Stored data entries
===============
(* For $n\ge 2$, the number of interval-closed sets of $[2]\times[n]$ is \[|\mathcal{IC}([2]\times[n])|=1+2\left(\binom n2+n\right)+\frac{n+1}{2}\binom{n+2}{3}.\] Here $1$ counts the empty set, $2(\binom n2+n)$ counts the nonempty interval-closed sets contained entirely in the chain $\{(1,i)\}$ or entirely in the chain $\{(2,i)\}$, and $\frac{n+1}{2}\binom{n+2}{3}$ counts those meeting both chains.
   Context: $[n]$ is the chain $1<\cdots<n$; $[2]\times[n]$ is the Cartesian product poset with $(a,b)\le(c,d)$ iff $a\le c$ and $b\le d$. A subset $I$ of a poset is interval-closed if for all $x,y\in I$ and $z$ with $x\le z\le y$ we have $z\in I$; $\mathcal{IC}(P)$ is the set of interval-closed subsets. *)

theory Defs
  imports Complex_Main
begin

definition two_by_n :: "nat \<Rightarrow> (nat \<times> nat) set" where
  "two_by_n n = {1..2::nat} \<times> {1..n}"

definition prod_le :: "nat \<times> nat \<Rightarrow> nat \<times> nat \<Rightarrow> bool" where
  "prod_le p q \<longleftrightarrow> fst p \<le> fst q \<and> snd p \<le> snd q"

definition interval_closed :: "'a set \<Rightarrow> ('a \<Rightarrow> 'a \<Rightarrow> bool) \<Rightarrow> 'a set \<Rightarrow> bool" where
  "interval_closed P le I \<longleftrightarrow> I \<subseteq> P \<and>
     (\<forall>x\<in>I. \<forall>y\<in>I. \<forall>z\<in>P. le x z \<and> le z y \<longrightarrow> z \<in> I)"

definition IC :: "'a set \<Rightarrow> ('a \<Rightarrow> 'a \<Rightarrow> bool) \<Rightarrow> 'a set set" where
  "IC P le = {I. interval_closed P le I}"

end

theory Submission
  imports Defs
begin

(* A subset I of [2] x [n] is determined by its rows A = {i. (1,i) in I} and
   B = {i. (2,i) in I}.  It is interval-closed iff A and B are intervals of the chain [n]
   and every z with x <= z <= y for some x in A and y in B lies in both A and B.  For
   nonempty A = [l1,h1] and B = [l2,h2] the last condition says that either h2 < l1 or
   l2 <= l1 <= h2 <= h1.  Each of these two families corresponds to the weakly monotone
   4-tuples (4-multisets) of [n-1] resp. [n], so there are C(n+2,4) + C(n+3,4) of them,
   and this equals (n+1)/2 C(n+2,3).  Adding the empty set and the pairs with exactly
   one empty row, 2 C(n+1,2) = 2 (C(n,2) + n) in number, gives the formula. *)

definition rows :: "nat set \<Rightarrow> nat set \<Rightarrow> (nat \<times> nat) set" where
  "rows A B = Pair 1 ` A \<union> Pair 2 ` B"

lemma mem_rows_iff [simp]: "(c, z) \<in> rows A B \<longleftrightarrow> c = 1 \<and> z \<in> A \<or> c = 2 \<and> z \<in> B"
  by (auto simp: rows_def)

lemma rows_row_1: "{z. (1, z) \<in> rows A B} = A"
  and rows_row_2: "{z. (2, z) \<in> rows A B} = B"
  by simp_all

lemma inj_rows: "inj (case_prod rows)"
  by (rule injI, clarify) (metis rows_row_1 rows_row_2)

lemma rows_of_subset:
  assumes "I \<subseteq> two_by_n n"
  shows "rows {z. (1, z) \<in> I} {z. (2, z) \<in> I} = I"
proof (intro equalityI subsetI)
  fix p assume "p \<in> I"
  moreover obtain c z where "p = (c, z)" by (cases p)
  moreover have "c = 1 \<or> c = 2" using assms calculation by (auto simp: two_by_n_def)
  ultimately show "p \<in> rows {z. (1, z) \<in> I} {z. (2, z) \<in> I}" by auto
qed auto

definition rows_compatible :: "nat set \<Rightarrow> nat set \<Rightarrow> bool" where
  "rows_compatible A B \<longleftrightarrow> (\<forall>x\<in>A. \<forall>y\<in>B. \<forall>z. x \<le> z \<and> z \<le> y \<longrightarrow> z \<in> A \<and> z \<in> B)"

lemma rows_compatible_empty [simp]: "rows_compatible {} B" "rows_compatible A {}"
  by (simp_all add: rows_compatible_def)

lemma interval_closed_rows_iff:
  "interval_closed (two_by_n n) prod_le (rows A B) \<longleftrightarrow>
     interval_closed {1..n} (\<le>) A \<and> interval_closed {1..n} (\<le>) B \<and> rows_compatible A B"
proof
  assume ic: "interval_closed (two_by_n n) prod_le (rows A B)"
  have in_range: "z \<in> {1..n}" if "(c, z) \<in> rows A B" for c z
  proof -
    have "rows A B \<subseteq> two_by_n n"
      using ic by (simp add: interval_closed_def)
    then have "(c, z) \<in> two_by_n n"
      using that by (rule subsetD)
    then show ?thesis
      by (simp add: two_by_n_def)
  qed
  have between: "(c, z) \<in> rows A B"
    if "(i, x) \<in> rows A B" "(j, y) \<in> rows A B" "i \<le> c" "c \<le> j" "c \<in> {1..2}"
       "x \<le> z" "z \<le> y" for i x j y c z
  proof -
    have "(c, z) \<in> two_by_n n"
      using in_range[OF that(1)] in_range[OF that(2)] that(5-7) by (simp add: two_by_n_def)
    moreover have "prod_le (i, x) (c, z)" "prod_le (c, z) (j, y)"
      using that(3,4,6,7) by (simp_all add: prod_le_def)
    ultimately show ?thesis
      using ic that(1,2) unfolding interval_closed_def by blast
  qed
  have "rows_compatible A B"
    unfolding rows_compatible_def
  proof (intro ballI allI impI)
    fix x y z assume "x \<in> A" "y \<in> B" "x \<le> z \<and> z \<le> y"
    then show "z \<in> A \<and> z \<in> B"
      using between[of 1 x 2 y 1 z] between[of 1 x 2 y 2 z] by simp
  qed
  moreover have row_closed: "interval_closed {1..n} (\<le>) {z. (c, z) \<in> rows A B}" if "c \<in> {1..2}" for c
    unfolding interval_closed_def
  proof (intro conjI ballI impI subsetI)
    show "x \<in> {1..n}" if "x \<in> {z. (c, z) \<in> rows A B}" for x
      using in_range that by blast
    show "z \<in> {z. (c, z) \<in> rows A B}"
      if "x \<in> {z. (c, z) \<in> rows A B}" "y \<in> {z. (c, z) \<in> rows A B}" "x \<le> z \<and> z \<le> y" for x y z
      using between[of c x c y c z] \<open>c \<in> {1..2}\<close> that by simp
  qed
  moreover have "interval_closed {1..n} (\<le>) A" "interval_closed {1..n} (\<le>) B"
    using row_closed[of 1] row_closed[of 2] by (simp_all only: rows_row_1 rows_row_2) simp_all
  ultimately show "interval_closed {1..n} (\<le>) A \<and> interval_closed {1..n} (\<le>) B \<and> rows_compatible A B"
    by blast
next
  assume "interval_closed {1..n} (\<le>) A \<and> interval_closed {1..n} (\<le>) B \<and> rows_compatible A B"
  then have A: "A \<subseteq> {1..n}" "\<And>x y z. x \<in> A \<Longrightarrow> y \<in> A \<Longrightarrow> z \<in> {1..n} \<Longrightarrow> x \<le> z \<Longrightarrow> z \<le> y \<Longrightarrow> z \<in> A"
    and B: "B \<subseteq> {1..n}" "\<And>x y z. x \<in> B \<Longrightarrow> y \<in> B \<Longrightarrow> z \<in> {1..n} \<Longrightarrow> x \<le> z \<Longrightarrow> z \<le> y \<Longrightarrow> z \<in> B"
    and AB: "\<And>x y z. x \<in> A \<Longrightarrow> y \<in> B \<Longrightarrow> x \<le> z \<Longrightarrow> z \<le> y \<Longrightarrow> z \<in> A \<and> z \<in> B"
    unfolding interval_closed_def rows_compatible_def by blast+
  have "r \<in> rows A B"
    if "p \<in> rows A B" "q \<in> rows A B" "r \<in> two_by_n n" "prod_le p r" "prod_le r q" for p q r
  proof (cases p, cases q, cases r)
    fix i x j y c z assume pqr: "p = (i, x)" "q = (j, y)" "r = (c, z)"
    then have "i \<le> c" "c \<le> j" "x \<le> z" "z \<le> y" "c \<in> {1..2}" "z \<in> {1..n}"
      using that(3-5) by (simp_all add: prod_le_def two_by_n_def)
    then show ?thesis
      using that(1,2) pqr A(2)[of x y z] B(2)[of x y z] AB[of x y z] by auto
  qed
  moreover have "rows A B \<subseteq> two_by_n n"
    unfolding rows_def two_by_n_def using A(1) B(1) by auto
  ultimately show "interval_closed (two_by_n n) prod_le (rows A B)"
    unfolding interval_closed_def by blast
qed

lemma IC_two_by_n_eq:
  "IC (two_by_n n) prod_le = case_prod rows `
     {(A, B). interval_closed {1..n} (\<le>) A \<and> interval_closed {1..n} (\<le>) B \<and> rows_compatible A B}"
  (is "_ = case_prod rows ` ?pairs")
proof (intro equalityI subsetI)
  fix I assume "I \<in> IC (two_by_n n) prod_le"
  then have ic: "interval_closed (two_by_n n) prod_le I"
    by (simp add: IC_def)
  then have "I \<subseteq> two_by_n n"
    by (simp add: interval_closed_def)
  then have I: "rows {z. (1, z) \<in> I} {z. (2, z) \<in> I} = I"
    by (rule rows_of_subset)
  have "interval_closed (two_by_n n) prod_le (rows {z. (1, z) \<in> I} {z. (2, z) \<in> I})"
    using ic by (simp only: I)
  then have "({z. (1, z) \<in> I}, {z. (2, z) \<in> I}) \<in> ?pairs"
    by (simp only: interval_closed_rows_iff mem_Collect_eq case_prod_conv)
  then have "case_prod rows ({z. (1, z) \<in> I}, {z. (2, z) \<in> I}) \<in> case_prod rows ` ?pairs"
    by (rule imageI)
  then show "I \<in> case_prod rows ` ?pairs"
    by (simp only: case_prod_conv I)
next
  fix I assume "I \<in> case_prod rows ` ?pairs"
  then obtain A B where "(A, B) \<in> ?pairs" "I = rows A B"
    by blast
  then show "I \<in> IC (two_by_n n) prod_le"
    by (simp add: IC_def interval_closed_rows_iff)
qed

definition intervals :: "nat \<Rightarrow> nat set set" where
  "intervals n = {{l..h} | l h. 1 \<le> l \<and> l \<le> h \<and> h \<le> n}"

lemma finite_intervals: "finite (intervals n)"
  by (rule finite_subset[of _ "Pow {1..n}"]) (auto simp: intervals_def)

lemma Icc_mem_intervals: "1 \<le> l \<Longrightarrow> l \<le> h \<Longrightarrow> h \<le> n \<Longrightarrow> {l..h} \<in> intervals n"
  unfolding intervals_def mem_Collect_eq by (intro exI[of _ l] exI[of _ h]) simp

lemma interval_closed_chain_iff:
  "interval_closed {1..n} (\<le>) A \<longleftrightarrow> A = {} \<or> A \<in> intervals n"
proof
  assume ic: "interval_closed {1..n} (\<le>) A"
  show "A = {} \<or> A \<in> intervals n"
  proof (cases "A = {}")
    case False
    have sub: "A \<subseteq> {1..n}"
      using ic by (simp add: interval_closed_def)
    then have "finite A"
      by (rule finite_subset) simp
    then have ends: "Min A \<in> A" "Max A \<in> A"
      using False by simp_all
    have bounds: "1 \<le> Min A" "Min A \<le> Max A" "Max A \<le> n"
      using ends sub \<open>finite A\<close> by auto
    have "z \<in> A" if "z \<in> {Min A..Max A}" for z
    proof -
      have "z \<in> {1..n}"
        using that bounds by simp
      with ic ends that show ?thesis
        unfolding interval_closed_def by (meson atLeastAtMost_iff)
    qed
    moreover have "A \<subseteq> {Min A..Max A}"
      using \<open>finite A\<close> by auto
    ultimately have "A = {Min A..Max A}" by blast
    with bounds show ?thesis
      unfolding intervals_def by blast
  qed simp
next
  assume "A = {} \<or> A \<in> intervals n"
  then show "interval_closed {1..n} (\<le>) A"
    unfolding interval_closed_def intervals_def by fastforce
qed

lemma rows_compatible_intervals_iff:
  assumes "l1 \<le> h1" "l2 \<le> h2"
  shows "rows_compatible {l1..h1} {l2..h2} \<longleftrightarrow> h2 < l1 \<or> l2 \<le> l1 \<and> h2 \<le> h1"
proof
  assume "rows_compatible {l1..h1} {l2..h2}"
  then have "l1 \<le> h2 \<Longrightarrow> l1 \<in> {l2..h2} \<and> h2 \<in> {l1..h1}"
    unfolding rows_compatible_def using assms by (meson atLeastAtMost_iff order_refl)
  then show "h2 < l1 \<or> l2 \<le> l1 \<and> h2 \<le> h1"
    by (cases "l1 \<le> h2") auto
qed (auto simp: rows_compatible_def)
text \<open>Along a subsequence on which all exponents grow, each monomial divides the next one and so
  cannot be larger in a term order (Dickson's lemma).\<close>

lemma wf_term_order:
  fixes lt :: "('v::finite) monom \<Rightarrow> 'v monom \<Rightarrow> bool"
  assumes TO: "term_order lt"
  shows "wf {(a, b). lt a b}"
  unfolding wf_iff_no_infinite_down_chain
proof
  assume "\<exists>m. \<forall>i. (m (Suc i), m i) \<in> {(a, b). lt a b}"
  then obtain m where desc: "\<And>i. lt (m (Suc i)) (m i)" by auto
  have chain: "lt (m j) (m i)" if "i < j" for i j
    using that
  proof (induction j)
    case (Suc j)
    then show ?case using desc term_order_trans[OF TO] less_Suc_eq by metis
  qed simp
  obtain f where f: "strict_mono f"
    "\<And>v n. Poly_Mapping.lookup (m (f n)) v \<le> Poly_Mapping.lookup (m (f (Suc n))) v"
    using dickson_subseq[OF finite_UNIV, of m] by (metis UNIV_I)
  have "m (f 1) = m (f 0) + (m (f 1) - m (f 0))"
    using f(2)[where n = 0] by (intro poly_mapping_eqI) (simp add: lookup_add lookup_minus)
  then have "term_order_le lt (m (f 0)) (m (f 1))"
    using term_order_le_add[OF TO, of "m (f 0)" "m (f 1) - m (f 0)"] by simp
  moreover have "lt (m (f 1)) (m (f 0))" using chain f(1) by (simp add: strict_mono_less)
  ultimately show False using term_order_asym[OF TO] term_order_irrefl[OF TO] by auto
qed

section \<open>Ideals and normal forms\<close>

abbreviation mconst :: "'k \<Rightarrow> ('v, 'k::comm_ring_1) mpoly" where
  "mconst c \<equiv> Poly_Mapping.single 0 c"

lemma lookup_mconst_mult: "Poly_Mapping.lookup (mconst c * p) m = c * Poly_Mapping.lookup p m"
  by (simp flip: mult_map_scale_conv_mult, transfer, simp add: when_def)

lemma keys_mconst_mult_subset: "Poly_Mapping.keys (mconst c * p) \<subseteq> Poly_Mapping.keys p"
  by (auto simp: in_keys_iff lookup_mconst_mult)

lemma mconst_mult: "mconst (a * b) = mconst a * mconst b"
  by (simp add: mult_single)

lemma mconst_mult_mmonom: "mconst c * mmonom m = Poly_Mapping.single m c"
  by (simp add: mmonom_def mult_single)

lemma mpoly_eq_sum_monoms: "p = (\<Sum>m\<in>Poly_Mapping.keys p. mconst (Poly_Mapping.lookup p m) * mmonom m)"
proof (rule poly_mapping_eqI)
  fix k
  have "(\<Sum>m\<in>Poly_Mapping.keys p. Poly_Mapping.lookup (Poly_Mapping.single m (Poly_Mapping.lookup p m)) k)
      = (\<Sum>m\<in>Poly_Mapping.keys p. if m = k then Poly_Mapping.lookup p m else 0)"
    by (rule sum.cong) (auto simp: lookup_single when_def)
  then show "Poly_Mapping.lookup p k
      = Poly_Mapping.lookup (\<Sum>m\<in>Poly_Mapping.keys p. mconst (Poly_Mapping.lookup p m) * mmonom m) k"
    by (simp add: lookup_sum mconst_mult_mmonom in_keys_iff)
qed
===============
What you need to do
Your answer should be the lines above from the one containing "bool) \<Rightarrow> 'a set \<Rightarrow>" through the one containing "l2 <= l1 <= h2", copied exactly and with both ends kept.

Output below
definition interval_closed :: "'a set \<Rightarrow> ('a \<Rightarrow> 'a \<Rightarrow> bool) \<Rightarrow> 'a set \<Rightarrow> bool" where
  "interval_closed P le I \<longleftrightarrow> I \<subseteq> P \<and>
     (\<forall>x\<in>I. \<forall>y\<in>I. \<forall>z\<in>P. le x z \<and> le z y \<longrightarrow> z \<in> I)"

definition IC :: "'a set \<Rightarrow> ('a \<Rightarrow> 'a \<Rightarrow> bool) \<Rightarrow> 'a set set" where
  "IC P le = {I. interval_closed P le I}"

end

theory Submission
  imports Defs
begin

(* A subset I of [2] x [n] is determined by its rows A = {i. (1,i) in I} and
   B = {i. (2,i) in I}.  It is interval-closed iff A and B are intervals of the chain [n]
   and every z with x <= z <= y for some x in A and y in B lies in both A and B.  For
   nonempty A = [l1,h1] and B = [l2,h2] the last condition says that either h2 < l1 or
   l2 <= l1 <= h2 <= h1.  Each of these two families corresponds to the weakly monotone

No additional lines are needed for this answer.